**Records for this exercise**.

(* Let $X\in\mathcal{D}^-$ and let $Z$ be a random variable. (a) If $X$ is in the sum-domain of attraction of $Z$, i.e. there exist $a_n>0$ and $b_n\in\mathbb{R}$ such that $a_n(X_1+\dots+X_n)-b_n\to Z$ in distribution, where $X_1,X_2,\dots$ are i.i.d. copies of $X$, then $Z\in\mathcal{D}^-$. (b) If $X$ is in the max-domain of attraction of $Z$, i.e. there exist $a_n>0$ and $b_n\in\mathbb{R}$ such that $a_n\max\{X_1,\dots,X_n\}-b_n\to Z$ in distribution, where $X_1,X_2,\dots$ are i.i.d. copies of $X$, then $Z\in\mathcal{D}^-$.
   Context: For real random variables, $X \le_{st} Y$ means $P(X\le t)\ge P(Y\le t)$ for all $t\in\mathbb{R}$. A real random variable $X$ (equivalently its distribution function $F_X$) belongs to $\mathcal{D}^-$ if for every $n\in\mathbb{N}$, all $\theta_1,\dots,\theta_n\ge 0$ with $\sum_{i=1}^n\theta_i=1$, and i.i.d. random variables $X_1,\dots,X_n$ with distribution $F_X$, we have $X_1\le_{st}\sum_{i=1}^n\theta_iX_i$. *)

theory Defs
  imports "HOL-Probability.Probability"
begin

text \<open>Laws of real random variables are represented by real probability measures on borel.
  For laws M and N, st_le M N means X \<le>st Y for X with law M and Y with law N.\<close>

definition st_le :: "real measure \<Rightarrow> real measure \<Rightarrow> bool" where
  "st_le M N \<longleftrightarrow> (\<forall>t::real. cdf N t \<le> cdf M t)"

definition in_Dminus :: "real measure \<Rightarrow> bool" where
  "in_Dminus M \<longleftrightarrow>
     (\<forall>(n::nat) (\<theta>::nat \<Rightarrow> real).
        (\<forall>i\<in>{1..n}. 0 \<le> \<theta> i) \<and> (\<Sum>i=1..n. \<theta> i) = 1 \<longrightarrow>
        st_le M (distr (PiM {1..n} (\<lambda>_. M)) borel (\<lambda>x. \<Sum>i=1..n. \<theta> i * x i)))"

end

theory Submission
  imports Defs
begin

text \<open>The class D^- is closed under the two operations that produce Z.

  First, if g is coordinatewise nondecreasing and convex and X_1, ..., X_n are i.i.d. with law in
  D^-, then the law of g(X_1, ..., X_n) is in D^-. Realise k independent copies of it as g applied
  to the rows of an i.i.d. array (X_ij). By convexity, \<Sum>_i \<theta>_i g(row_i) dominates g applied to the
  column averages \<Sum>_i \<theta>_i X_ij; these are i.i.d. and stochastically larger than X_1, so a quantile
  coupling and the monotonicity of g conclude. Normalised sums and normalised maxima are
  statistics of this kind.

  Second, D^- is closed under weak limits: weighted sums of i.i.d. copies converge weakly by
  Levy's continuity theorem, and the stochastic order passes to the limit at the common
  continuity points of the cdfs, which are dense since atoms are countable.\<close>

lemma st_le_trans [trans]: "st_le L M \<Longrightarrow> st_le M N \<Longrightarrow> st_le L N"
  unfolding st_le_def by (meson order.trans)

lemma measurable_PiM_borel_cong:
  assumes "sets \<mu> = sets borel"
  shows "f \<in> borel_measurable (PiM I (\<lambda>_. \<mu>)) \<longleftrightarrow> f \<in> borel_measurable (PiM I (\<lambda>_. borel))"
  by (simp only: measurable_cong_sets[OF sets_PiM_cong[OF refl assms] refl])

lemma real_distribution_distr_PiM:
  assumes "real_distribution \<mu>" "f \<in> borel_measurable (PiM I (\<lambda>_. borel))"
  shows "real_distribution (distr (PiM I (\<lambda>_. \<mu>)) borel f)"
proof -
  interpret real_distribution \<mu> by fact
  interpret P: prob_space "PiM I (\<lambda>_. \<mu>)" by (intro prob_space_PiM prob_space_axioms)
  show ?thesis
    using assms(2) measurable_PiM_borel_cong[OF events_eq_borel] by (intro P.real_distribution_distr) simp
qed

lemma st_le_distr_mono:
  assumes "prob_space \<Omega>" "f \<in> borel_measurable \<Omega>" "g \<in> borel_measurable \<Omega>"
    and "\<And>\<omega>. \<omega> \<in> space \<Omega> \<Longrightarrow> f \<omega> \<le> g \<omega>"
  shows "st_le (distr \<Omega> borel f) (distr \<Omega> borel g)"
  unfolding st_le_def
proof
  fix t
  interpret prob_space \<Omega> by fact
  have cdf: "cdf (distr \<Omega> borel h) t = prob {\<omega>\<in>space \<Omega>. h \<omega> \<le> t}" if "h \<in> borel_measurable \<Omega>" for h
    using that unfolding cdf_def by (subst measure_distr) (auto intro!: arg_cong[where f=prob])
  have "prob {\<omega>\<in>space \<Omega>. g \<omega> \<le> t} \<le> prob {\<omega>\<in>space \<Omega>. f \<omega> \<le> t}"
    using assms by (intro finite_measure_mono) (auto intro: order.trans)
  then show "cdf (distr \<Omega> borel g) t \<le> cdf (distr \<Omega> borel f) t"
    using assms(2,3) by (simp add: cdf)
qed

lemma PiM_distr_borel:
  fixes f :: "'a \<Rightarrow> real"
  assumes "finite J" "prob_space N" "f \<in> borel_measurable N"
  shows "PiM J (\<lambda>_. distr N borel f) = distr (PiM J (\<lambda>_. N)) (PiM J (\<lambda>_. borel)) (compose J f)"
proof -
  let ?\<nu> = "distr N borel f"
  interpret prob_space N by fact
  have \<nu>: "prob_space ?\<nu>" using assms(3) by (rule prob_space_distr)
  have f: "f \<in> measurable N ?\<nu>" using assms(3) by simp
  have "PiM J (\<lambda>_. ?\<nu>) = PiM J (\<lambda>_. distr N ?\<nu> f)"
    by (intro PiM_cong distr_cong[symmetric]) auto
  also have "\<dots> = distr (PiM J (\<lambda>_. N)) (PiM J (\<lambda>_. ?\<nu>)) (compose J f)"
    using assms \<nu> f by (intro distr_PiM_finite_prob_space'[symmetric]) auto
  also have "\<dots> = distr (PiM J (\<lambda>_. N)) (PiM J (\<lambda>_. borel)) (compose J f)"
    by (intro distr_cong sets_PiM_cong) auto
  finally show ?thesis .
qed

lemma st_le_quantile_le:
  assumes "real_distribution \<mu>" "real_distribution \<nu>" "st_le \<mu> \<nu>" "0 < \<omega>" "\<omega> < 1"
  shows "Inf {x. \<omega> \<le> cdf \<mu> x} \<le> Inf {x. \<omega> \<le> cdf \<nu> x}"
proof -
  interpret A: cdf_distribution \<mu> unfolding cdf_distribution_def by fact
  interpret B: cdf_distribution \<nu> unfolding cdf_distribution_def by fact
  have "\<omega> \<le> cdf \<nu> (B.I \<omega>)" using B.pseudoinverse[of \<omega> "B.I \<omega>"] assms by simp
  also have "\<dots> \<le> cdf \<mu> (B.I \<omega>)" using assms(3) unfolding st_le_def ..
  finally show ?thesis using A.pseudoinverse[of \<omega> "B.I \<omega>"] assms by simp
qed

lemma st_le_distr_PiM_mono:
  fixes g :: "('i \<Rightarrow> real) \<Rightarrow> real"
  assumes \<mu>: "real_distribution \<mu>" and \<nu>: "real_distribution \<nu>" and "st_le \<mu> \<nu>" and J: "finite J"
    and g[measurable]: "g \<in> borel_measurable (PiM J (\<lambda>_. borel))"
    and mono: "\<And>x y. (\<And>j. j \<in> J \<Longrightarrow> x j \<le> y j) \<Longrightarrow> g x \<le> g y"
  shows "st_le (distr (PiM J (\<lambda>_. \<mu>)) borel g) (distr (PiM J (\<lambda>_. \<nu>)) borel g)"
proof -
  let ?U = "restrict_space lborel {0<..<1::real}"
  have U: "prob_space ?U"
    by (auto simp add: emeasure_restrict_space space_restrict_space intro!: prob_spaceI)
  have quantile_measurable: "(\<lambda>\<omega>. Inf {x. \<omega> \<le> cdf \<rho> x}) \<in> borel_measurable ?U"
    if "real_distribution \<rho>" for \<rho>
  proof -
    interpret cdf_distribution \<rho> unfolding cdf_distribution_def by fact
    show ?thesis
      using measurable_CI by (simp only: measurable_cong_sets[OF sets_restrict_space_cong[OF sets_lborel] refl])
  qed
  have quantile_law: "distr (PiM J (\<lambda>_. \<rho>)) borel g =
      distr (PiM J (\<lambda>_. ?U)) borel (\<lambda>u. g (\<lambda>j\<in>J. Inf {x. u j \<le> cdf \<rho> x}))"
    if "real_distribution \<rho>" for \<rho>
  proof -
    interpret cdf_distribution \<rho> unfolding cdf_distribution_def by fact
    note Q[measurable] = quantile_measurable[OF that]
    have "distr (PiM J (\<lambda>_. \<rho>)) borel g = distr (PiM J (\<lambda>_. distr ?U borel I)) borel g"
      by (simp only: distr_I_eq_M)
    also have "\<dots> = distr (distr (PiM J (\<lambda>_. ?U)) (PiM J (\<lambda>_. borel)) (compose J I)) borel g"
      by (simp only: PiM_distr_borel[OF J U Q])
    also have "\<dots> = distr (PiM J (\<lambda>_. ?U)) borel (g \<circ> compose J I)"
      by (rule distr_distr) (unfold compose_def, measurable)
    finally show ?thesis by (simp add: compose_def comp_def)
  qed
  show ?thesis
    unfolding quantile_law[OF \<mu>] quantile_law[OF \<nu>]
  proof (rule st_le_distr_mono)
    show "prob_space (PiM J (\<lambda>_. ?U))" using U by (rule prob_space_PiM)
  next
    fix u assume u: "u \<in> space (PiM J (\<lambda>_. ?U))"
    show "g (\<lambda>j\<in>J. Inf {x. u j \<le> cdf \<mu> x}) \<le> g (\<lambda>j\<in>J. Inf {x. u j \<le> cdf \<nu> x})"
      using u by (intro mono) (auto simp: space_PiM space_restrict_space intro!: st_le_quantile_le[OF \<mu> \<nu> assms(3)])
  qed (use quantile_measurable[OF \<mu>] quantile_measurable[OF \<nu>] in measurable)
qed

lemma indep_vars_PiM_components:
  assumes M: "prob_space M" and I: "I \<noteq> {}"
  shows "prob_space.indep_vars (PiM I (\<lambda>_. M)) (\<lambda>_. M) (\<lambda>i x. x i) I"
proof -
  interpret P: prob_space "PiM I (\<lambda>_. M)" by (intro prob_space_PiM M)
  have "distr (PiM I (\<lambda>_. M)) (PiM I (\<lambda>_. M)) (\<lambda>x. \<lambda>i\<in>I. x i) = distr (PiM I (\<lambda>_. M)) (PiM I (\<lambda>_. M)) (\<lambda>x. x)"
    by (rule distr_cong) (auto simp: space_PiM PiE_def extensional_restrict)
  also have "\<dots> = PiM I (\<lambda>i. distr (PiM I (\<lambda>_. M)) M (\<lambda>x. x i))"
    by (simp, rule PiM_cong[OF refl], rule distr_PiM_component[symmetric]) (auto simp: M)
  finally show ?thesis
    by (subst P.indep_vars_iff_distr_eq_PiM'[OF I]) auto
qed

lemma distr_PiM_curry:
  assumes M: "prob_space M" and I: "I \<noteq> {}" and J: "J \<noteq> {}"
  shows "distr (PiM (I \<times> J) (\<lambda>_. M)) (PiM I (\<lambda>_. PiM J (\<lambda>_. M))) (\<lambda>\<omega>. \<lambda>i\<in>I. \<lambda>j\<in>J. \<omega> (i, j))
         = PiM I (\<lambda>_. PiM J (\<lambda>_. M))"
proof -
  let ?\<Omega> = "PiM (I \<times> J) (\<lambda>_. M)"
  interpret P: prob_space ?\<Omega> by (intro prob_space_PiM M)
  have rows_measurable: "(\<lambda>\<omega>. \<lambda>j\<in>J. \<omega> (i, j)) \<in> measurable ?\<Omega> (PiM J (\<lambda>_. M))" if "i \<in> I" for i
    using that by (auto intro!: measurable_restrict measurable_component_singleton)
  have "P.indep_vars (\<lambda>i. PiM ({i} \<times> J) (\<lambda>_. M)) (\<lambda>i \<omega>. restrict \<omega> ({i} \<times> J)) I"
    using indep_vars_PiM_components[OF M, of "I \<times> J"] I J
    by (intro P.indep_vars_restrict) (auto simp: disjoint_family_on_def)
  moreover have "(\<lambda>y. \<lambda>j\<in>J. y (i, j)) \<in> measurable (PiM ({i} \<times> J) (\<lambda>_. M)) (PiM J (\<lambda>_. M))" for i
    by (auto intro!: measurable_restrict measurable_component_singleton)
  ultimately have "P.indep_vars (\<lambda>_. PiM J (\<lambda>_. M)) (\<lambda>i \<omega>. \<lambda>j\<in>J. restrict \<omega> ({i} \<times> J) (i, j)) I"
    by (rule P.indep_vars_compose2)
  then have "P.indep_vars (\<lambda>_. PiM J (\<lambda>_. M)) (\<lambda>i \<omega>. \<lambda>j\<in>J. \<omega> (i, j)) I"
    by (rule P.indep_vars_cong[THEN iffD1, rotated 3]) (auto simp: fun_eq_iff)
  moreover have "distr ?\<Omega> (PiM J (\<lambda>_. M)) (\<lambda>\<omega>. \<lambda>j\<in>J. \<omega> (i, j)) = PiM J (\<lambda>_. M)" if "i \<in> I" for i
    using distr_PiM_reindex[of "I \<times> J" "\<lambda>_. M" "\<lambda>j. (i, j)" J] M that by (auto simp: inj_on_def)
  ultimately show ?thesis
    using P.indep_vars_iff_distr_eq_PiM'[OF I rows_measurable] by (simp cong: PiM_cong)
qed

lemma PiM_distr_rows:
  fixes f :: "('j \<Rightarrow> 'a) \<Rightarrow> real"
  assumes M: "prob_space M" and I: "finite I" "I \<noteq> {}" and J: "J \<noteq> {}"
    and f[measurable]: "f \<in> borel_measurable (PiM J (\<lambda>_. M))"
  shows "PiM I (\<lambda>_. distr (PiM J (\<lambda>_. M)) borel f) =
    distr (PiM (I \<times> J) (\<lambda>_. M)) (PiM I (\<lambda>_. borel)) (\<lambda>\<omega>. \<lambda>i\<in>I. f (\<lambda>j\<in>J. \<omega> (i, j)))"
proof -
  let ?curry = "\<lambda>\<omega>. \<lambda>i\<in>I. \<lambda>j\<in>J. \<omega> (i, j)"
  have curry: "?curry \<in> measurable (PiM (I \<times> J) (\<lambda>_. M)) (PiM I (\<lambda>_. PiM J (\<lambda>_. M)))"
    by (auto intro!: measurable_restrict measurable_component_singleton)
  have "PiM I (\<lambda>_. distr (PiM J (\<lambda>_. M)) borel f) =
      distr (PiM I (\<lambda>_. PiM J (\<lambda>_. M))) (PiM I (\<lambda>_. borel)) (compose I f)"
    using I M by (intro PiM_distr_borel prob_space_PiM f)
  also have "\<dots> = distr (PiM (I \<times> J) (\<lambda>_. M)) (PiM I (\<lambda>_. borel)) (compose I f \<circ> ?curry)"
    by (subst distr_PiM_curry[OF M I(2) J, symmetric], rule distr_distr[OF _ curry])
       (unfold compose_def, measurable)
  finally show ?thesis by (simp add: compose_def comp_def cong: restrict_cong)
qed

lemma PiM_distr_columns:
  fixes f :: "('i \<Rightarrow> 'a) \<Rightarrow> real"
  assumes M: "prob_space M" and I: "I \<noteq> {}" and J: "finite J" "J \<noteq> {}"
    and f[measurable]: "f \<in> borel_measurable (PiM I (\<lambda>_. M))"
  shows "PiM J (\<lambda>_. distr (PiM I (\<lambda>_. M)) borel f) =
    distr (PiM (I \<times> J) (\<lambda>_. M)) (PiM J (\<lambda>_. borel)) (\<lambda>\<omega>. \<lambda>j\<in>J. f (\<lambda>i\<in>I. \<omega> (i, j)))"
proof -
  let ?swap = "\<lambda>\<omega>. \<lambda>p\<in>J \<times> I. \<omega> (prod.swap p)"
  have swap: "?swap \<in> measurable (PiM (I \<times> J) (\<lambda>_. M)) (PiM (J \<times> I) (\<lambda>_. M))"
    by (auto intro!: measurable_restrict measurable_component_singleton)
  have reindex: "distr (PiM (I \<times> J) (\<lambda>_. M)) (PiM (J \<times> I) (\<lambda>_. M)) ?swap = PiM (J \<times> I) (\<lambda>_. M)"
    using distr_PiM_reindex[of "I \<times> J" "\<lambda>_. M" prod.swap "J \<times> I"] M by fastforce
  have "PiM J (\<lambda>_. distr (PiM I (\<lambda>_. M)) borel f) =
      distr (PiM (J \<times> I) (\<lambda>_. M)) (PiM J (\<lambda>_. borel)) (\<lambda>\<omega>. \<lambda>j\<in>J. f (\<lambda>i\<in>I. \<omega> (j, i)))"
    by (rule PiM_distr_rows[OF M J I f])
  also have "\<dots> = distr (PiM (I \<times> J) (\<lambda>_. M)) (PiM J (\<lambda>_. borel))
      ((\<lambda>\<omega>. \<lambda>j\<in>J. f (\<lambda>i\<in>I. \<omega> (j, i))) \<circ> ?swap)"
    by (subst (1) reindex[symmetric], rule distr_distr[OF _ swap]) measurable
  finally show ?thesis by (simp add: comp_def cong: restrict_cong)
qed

==

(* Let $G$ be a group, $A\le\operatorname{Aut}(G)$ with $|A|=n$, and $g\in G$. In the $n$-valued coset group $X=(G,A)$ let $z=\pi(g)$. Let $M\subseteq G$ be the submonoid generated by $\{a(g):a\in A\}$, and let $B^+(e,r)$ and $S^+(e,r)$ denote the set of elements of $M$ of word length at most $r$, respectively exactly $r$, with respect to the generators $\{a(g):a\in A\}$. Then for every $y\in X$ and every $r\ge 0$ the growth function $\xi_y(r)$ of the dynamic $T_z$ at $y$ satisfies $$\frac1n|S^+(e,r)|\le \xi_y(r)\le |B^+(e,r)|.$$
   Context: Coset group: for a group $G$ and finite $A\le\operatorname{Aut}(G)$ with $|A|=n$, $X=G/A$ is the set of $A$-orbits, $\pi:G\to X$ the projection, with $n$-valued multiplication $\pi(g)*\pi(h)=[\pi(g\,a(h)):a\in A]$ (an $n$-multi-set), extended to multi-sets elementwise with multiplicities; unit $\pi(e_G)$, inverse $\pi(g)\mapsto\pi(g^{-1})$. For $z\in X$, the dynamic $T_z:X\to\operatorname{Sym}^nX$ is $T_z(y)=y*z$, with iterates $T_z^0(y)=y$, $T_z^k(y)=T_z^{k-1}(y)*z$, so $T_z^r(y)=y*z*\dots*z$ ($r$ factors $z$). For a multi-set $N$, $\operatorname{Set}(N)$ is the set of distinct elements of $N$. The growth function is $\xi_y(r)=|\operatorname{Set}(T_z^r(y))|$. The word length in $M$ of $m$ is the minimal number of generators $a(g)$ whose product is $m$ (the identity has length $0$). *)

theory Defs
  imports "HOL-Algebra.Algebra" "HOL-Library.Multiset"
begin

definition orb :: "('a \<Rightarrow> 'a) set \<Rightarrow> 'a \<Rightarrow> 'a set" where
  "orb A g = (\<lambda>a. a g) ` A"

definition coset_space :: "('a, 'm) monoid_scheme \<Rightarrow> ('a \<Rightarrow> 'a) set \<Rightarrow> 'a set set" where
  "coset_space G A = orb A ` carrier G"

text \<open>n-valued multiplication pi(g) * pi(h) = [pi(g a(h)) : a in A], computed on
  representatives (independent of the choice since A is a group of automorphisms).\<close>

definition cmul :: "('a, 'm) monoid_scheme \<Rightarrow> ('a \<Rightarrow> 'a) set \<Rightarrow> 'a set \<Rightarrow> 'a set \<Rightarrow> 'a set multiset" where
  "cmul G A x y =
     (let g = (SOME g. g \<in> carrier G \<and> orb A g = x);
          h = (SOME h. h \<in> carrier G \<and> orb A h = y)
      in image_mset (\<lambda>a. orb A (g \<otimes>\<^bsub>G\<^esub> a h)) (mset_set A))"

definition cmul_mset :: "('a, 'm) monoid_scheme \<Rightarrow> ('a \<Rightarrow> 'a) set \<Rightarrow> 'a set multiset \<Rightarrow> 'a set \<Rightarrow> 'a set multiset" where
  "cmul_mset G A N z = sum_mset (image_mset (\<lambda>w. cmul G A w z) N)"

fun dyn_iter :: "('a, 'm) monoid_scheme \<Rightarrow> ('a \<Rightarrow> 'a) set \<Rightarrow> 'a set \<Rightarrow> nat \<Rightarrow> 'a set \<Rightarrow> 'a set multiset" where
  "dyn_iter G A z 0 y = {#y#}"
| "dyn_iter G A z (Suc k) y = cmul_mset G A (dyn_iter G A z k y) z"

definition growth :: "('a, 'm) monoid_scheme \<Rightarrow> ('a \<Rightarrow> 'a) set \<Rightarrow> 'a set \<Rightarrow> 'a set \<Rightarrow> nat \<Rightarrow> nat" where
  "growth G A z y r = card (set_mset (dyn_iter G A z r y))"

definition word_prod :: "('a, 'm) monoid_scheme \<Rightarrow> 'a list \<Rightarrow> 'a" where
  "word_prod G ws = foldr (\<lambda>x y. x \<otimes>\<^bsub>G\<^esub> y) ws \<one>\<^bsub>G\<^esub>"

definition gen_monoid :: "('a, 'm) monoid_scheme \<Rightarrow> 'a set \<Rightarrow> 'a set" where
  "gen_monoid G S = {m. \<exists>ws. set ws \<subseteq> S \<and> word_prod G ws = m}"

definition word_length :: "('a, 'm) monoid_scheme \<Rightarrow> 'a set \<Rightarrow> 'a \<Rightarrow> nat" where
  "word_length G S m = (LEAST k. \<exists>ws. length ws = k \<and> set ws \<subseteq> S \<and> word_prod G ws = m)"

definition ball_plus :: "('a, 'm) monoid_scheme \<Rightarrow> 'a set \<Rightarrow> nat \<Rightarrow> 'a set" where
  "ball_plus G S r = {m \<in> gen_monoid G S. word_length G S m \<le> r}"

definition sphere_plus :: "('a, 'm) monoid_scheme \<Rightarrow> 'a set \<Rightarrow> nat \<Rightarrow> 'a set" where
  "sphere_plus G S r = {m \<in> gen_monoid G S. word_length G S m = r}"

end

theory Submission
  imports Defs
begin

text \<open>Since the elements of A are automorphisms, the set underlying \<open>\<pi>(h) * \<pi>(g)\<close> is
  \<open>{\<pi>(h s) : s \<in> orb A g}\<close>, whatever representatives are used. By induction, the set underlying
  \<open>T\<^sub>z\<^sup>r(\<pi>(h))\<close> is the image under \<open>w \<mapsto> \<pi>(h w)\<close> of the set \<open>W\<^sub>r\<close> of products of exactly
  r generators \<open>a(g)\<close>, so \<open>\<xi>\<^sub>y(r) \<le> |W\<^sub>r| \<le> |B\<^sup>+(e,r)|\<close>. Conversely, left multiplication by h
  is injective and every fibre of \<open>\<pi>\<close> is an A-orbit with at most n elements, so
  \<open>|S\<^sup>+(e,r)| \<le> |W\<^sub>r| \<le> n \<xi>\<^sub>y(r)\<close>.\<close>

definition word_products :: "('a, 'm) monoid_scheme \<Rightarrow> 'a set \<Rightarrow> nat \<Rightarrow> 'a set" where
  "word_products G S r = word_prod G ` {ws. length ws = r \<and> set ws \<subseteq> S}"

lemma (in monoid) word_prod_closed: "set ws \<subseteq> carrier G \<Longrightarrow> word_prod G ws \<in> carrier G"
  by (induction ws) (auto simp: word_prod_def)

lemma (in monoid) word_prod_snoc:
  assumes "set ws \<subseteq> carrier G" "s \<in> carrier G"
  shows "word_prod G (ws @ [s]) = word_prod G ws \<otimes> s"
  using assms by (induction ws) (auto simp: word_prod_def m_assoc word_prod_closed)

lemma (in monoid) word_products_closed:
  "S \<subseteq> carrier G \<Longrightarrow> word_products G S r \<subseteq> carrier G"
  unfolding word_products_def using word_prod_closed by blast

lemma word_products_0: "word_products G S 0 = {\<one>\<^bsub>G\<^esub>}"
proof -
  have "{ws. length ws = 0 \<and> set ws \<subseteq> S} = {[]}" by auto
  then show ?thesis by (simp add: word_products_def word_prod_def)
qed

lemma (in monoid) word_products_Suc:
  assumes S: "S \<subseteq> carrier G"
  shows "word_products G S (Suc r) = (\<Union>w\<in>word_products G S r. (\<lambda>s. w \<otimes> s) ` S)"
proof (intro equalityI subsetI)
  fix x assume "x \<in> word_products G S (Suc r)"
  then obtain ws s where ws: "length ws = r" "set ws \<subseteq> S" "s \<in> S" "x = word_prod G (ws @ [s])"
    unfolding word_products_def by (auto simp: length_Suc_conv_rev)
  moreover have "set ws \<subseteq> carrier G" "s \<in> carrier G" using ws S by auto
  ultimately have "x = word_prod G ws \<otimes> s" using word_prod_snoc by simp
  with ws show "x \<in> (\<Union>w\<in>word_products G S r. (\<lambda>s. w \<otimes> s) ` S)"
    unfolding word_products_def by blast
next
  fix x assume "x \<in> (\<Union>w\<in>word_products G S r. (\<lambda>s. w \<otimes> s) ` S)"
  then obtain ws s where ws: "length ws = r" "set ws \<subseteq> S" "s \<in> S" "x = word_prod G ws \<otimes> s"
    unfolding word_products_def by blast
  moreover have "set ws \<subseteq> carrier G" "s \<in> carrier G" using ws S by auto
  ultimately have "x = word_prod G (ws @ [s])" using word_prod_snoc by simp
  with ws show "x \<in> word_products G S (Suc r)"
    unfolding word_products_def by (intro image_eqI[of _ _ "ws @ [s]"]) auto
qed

**What needs to be done**. Note down each line above where the word "automorphisms" occurs.

**Your solution**.
  representatives (independent of the choice since A is a group of automorphisms).\<close>
text \<open>Since the elements of A are automorphisms, the set underlying \<open>\<pi>(h) * \<pi>(g)\<close> is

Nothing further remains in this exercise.